When the line containing "y)\<^sup>\<bottom> \<sqsubseteq> x\<^sup>\<bottom>" is reached, include it and end there; set down verbatim every line before it, starting at the top of the records.

:::

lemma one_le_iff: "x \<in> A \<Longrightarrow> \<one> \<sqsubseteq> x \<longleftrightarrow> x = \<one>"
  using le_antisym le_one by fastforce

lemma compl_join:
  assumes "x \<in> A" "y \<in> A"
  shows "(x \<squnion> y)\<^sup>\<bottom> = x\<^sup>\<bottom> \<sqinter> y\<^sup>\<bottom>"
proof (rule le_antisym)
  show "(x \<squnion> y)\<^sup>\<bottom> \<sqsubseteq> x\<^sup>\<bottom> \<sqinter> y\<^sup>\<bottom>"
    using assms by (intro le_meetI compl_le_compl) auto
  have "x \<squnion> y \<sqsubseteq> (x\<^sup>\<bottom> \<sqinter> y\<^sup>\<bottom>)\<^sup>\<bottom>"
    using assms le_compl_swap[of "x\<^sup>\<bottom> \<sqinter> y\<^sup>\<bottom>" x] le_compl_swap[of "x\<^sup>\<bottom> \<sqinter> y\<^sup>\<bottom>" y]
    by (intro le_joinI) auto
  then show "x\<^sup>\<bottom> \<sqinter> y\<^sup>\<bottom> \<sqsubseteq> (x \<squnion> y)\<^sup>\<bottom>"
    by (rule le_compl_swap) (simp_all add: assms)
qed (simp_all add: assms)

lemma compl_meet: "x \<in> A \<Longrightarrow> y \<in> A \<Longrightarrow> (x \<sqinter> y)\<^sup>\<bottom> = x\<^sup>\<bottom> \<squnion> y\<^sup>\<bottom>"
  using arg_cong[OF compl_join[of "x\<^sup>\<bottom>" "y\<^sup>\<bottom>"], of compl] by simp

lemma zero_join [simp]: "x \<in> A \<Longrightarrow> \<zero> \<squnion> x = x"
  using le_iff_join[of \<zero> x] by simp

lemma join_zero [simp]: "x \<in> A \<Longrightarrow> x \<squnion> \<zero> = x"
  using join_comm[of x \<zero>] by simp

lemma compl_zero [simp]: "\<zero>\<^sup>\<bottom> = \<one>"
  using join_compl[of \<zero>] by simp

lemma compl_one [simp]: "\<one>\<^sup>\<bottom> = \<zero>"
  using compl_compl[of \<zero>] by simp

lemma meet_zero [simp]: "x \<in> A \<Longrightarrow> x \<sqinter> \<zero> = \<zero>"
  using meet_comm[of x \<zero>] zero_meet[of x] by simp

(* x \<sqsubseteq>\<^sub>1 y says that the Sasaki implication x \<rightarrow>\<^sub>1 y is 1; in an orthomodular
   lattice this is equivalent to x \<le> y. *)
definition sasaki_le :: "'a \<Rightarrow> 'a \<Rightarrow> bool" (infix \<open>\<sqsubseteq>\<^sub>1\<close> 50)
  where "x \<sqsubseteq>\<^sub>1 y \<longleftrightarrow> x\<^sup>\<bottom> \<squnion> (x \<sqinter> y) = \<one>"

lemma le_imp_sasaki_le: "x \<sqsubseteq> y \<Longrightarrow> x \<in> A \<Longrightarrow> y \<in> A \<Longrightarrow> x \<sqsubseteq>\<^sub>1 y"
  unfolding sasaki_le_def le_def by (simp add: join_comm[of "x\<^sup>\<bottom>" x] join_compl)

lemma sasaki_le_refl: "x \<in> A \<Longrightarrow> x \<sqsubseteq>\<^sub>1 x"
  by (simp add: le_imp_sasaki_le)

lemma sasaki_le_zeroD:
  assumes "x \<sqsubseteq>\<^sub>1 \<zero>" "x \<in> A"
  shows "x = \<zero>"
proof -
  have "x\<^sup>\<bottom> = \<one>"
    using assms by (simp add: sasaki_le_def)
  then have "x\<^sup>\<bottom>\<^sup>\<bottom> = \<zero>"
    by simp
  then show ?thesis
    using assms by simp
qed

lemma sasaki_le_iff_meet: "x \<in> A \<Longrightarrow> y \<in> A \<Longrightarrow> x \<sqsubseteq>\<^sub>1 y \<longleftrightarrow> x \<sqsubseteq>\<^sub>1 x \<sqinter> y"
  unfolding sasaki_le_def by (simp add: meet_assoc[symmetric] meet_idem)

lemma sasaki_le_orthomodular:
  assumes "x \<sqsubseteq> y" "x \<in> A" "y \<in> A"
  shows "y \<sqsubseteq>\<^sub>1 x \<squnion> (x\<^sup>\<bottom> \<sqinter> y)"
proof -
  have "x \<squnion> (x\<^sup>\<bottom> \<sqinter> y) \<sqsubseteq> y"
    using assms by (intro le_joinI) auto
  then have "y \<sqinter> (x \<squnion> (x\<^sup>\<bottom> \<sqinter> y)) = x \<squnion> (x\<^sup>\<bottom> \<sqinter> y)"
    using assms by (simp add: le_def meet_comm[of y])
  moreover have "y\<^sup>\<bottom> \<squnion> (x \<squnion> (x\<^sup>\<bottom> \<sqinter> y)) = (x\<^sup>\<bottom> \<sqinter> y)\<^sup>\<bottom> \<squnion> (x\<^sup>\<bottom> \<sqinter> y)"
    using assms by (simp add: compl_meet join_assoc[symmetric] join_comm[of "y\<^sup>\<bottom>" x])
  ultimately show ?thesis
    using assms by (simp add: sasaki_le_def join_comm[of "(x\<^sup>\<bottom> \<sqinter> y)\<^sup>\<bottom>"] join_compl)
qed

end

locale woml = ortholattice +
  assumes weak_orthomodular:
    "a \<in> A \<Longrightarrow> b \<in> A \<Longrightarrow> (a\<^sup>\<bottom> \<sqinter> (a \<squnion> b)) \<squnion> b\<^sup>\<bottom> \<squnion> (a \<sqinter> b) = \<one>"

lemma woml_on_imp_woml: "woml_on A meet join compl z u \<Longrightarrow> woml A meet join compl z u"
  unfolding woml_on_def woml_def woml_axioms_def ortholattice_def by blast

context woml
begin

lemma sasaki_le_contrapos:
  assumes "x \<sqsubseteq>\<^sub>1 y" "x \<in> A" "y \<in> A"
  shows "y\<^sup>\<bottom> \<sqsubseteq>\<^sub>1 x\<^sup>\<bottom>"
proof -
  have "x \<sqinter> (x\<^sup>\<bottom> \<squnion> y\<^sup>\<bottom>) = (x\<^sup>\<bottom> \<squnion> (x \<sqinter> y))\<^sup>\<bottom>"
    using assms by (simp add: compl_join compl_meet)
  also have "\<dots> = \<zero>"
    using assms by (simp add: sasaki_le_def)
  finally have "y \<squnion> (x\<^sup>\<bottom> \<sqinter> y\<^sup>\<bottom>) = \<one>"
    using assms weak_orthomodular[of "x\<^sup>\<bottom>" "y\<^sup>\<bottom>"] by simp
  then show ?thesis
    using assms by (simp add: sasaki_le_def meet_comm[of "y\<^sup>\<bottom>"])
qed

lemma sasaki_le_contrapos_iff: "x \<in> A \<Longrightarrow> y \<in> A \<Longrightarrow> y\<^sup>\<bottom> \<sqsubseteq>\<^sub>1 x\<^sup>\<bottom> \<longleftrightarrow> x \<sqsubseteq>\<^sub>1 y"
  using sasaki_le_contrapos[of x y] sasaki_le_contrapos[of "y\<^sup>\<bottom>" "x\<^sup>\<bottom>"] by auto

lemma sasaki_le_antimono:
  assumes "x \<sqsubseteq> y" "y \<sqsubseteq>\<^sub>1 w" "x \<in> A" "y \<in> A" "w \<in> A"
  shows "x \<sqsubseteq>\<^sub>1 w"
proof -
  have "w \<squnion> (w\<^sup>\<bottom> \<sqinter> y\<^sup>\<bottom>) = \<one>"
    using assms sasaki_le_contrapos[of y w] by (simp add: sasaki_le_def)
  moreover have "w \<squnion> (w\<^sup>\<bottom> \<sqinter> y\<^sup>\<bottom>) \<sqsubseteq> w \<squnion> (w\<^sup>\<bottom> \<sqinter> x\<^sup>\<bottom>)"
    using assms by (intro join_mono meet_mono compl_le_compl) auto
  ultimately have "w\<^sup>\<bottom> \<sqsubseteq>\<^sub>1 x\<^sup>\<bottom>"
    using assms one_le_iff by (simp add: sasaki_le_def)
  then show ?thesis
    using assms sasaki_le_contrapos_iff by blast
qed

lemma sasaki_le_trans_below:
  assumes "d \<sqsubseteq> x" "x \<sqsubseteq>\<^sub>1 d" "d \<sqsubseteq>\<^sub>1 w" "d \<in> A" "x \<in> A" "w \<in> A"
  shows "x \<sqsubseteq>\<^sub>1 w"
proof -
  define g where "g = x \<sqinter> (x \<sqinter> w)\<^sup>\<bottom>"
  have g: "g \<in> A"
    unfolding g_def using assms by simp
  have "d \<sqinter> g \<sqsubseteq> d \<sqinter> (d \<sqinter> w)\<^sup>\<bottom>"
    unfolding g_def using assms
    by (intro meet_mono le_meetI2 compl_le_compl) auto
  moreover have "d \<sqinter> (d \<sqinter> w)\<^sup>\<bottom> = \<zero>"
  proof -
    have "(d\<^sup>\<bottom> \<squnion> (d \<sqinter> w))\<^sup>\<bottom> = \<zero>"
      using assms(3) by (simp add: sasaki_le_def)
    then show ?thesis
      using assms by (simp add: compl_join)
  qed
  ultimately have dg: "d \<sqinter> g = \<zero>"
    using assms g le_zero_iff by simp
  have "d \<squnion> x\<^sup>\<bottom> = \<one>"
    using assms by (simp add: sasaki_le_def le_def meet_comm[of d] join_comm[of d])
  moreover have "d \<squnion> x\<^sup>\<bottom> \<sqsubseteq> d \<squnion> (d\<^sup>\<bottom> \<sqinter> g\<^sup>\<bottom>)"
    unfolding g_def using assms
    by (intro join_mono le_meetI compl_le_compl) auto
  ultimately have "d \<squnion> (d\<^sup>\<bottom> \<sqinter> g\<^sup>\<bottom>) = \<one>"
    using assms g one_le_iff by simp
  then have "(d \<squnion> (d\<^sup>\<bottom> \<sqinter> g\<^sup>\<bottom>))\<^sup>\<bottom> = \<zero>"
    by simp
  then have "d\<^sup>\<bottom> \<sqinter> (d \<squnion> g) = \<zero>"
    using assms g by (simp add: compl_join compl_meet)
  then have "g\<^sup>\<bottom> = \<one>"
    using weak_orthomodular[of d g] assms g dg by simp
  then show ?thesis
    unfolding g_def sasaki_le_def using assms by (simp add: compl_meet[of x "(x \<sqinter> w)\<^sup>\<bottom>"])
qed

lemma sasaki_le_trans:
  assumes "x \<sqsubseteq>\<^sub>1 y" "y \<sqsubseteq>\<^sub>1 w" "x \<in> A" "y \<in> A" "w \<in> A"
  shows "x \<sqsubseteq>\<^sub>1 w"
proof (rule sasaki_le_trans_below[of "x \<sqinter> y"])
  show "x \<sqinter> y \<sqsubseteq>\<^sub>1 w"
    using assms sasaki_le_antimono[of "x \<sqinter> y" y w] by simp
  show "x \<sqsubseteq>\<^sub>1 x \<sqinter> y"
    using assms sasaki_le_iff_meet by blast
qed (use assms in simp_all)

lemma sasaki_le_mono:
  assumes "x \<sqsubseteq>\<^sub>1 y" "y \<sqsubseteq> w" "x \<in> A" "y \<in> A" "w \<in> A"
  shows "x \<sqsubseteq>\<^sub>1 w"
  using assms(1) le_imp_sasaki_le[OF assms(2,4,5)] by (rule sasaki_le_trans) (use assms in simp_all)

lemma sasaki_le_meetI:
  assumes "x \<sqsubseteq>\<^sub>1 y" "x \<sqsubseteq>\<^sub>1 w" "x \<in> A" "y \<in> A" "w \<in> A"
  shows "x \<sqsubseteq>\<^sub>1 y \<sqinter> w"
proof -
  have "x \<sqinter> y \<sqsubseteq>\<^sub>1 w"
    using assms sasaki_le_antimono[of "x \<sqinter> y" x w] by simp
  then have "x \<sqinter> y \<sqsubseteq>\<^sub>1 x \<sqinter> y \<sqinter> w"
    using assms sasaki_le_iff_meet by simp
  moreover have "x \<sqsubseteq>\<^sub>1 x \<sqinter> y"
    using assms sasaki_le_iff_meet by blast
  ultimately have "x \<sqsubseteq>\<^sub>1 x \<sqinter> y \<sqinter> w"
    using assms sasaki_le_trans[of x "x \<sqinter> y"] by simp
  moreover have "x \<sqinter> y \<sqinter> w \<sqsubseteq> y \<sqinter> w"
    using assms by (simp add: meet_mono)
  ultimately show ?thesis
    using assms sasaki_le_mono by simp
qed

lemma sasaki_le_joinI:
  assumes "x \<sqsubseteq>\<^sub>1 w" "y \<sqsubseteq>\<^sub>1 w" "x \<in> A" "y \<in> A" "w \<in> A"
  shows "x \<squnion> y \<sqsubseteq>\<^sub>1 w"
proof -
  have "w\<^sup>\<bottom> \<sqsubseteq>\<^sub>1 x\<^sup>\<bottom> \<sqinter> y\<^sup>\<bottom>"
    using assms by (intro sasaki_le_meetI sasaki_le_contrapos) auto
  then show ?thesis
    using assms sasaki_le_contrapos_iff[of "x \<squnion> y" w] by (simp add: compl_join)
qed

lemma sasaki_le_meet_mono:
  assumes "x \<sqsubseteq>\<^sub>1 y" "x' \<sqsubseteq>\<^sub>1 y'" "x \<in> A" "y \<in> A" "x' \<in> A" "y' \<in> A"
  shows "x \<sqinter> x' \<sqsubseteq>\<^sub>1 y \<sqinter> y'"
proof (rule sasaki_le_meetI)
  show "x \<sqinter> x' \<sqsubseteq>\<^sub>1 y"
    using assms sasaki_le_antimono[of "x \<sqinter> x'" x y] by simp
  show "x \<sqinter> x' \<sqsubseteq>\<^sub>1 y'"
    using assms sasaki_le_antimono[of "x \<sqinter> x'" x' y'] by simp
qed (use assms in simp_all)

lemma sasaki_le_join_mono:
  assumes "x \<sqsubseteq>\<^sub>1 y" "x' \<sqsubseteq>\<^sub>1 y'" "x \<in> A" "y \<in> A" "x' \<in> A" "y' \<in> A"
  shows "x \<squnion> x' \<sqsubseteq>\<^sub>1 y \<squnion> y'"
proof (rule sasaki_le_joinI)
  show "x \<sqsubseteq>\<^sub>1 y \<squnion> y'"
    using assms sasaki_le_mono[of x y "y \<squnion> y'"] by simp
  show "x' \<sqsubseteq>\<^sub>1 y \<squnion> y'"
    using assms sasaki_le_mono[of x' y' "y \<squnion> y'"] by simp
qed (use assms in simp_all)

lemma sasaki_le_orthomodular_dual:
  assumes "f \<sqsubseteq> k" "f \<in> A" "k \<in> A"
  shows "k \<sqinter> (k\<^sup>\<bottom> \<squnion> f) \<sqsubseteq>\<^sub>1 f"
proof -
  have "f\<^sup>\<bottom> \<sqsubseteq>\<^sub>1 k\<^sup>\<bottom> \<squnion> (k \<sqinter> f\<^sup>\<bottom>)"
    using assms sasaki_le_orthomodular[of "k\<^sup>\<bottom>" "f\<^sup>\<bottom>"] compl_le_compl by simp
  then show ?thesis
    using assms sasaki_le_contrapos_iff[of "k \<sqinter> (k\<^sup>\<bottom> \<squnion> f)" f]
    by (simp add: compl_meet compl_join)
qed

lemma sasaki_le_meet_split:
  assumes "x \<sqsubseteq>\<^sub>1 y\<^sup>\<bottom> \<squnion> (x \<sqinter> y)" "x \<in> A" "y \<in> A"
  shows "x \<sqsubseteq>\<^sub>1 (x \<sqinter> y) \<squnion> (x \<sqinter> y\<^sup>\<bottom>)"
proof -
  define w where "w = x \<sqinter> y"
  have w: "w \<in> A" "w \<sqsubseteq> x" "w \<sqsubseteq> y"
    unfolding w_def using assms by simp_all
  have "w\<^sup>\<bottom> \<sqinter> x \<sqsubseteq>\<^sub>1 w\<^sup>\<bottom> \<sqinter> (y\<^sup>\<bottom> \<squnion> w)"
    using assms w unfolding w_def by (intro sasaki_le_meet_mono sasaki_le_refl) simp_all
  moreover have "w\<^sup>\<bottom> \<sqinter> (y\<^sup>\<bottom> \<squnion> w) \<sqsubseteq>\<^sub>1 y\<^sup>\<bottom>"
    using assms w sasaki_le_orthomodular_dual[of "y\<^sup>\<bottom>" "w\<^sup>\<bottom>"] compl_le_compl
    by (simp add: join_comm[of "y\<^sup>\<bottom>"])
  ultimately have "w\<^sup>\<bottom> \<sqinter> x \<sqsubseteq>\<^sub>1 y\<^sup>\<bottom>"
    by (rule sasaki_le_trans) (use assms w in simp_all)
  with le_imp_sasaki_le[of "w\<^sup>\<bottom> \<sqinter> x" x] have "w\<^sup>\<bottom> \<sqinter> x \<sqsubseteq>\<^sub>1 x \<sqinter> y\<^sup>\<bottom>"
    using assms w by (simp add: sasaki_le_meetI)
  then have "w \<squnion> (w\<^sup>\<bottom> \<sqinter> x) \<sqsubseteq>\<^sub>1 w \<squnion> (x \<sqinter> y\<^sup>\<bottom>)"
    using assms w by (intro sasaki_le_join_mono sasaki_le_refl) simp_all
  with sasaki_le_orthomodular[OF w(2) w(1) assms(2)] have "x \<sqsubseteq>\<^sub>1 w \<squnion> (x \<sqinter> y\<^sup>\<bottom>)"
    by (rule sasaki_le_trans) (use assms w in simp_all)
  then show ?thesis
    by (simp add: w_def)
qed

:::

WRITTEN RESPONSE -
lemma one_le_iff: "x \<in> A \<Longrightarrow> \<one> \<sqsubseteq> x \<longleftrightarrow> x = \<one>"
  using le_antisym le_one by fastforce

lemma compl_join:
  assumes "x \<in> A" "y \<in> A"
  shows "(x \<squnion> y)\<^sup>\<bottom> = x\<^sup>\<bottom> \<sqinter> y\<^sup>\<bottom>"
proof (rule le_antisym)
  show "(x \<squnion> y)\<^sup>\<bottom> \<sqsubseteq> x\<^sup>\<bottom> \<sqinter> y\<^sup>\<bottom>"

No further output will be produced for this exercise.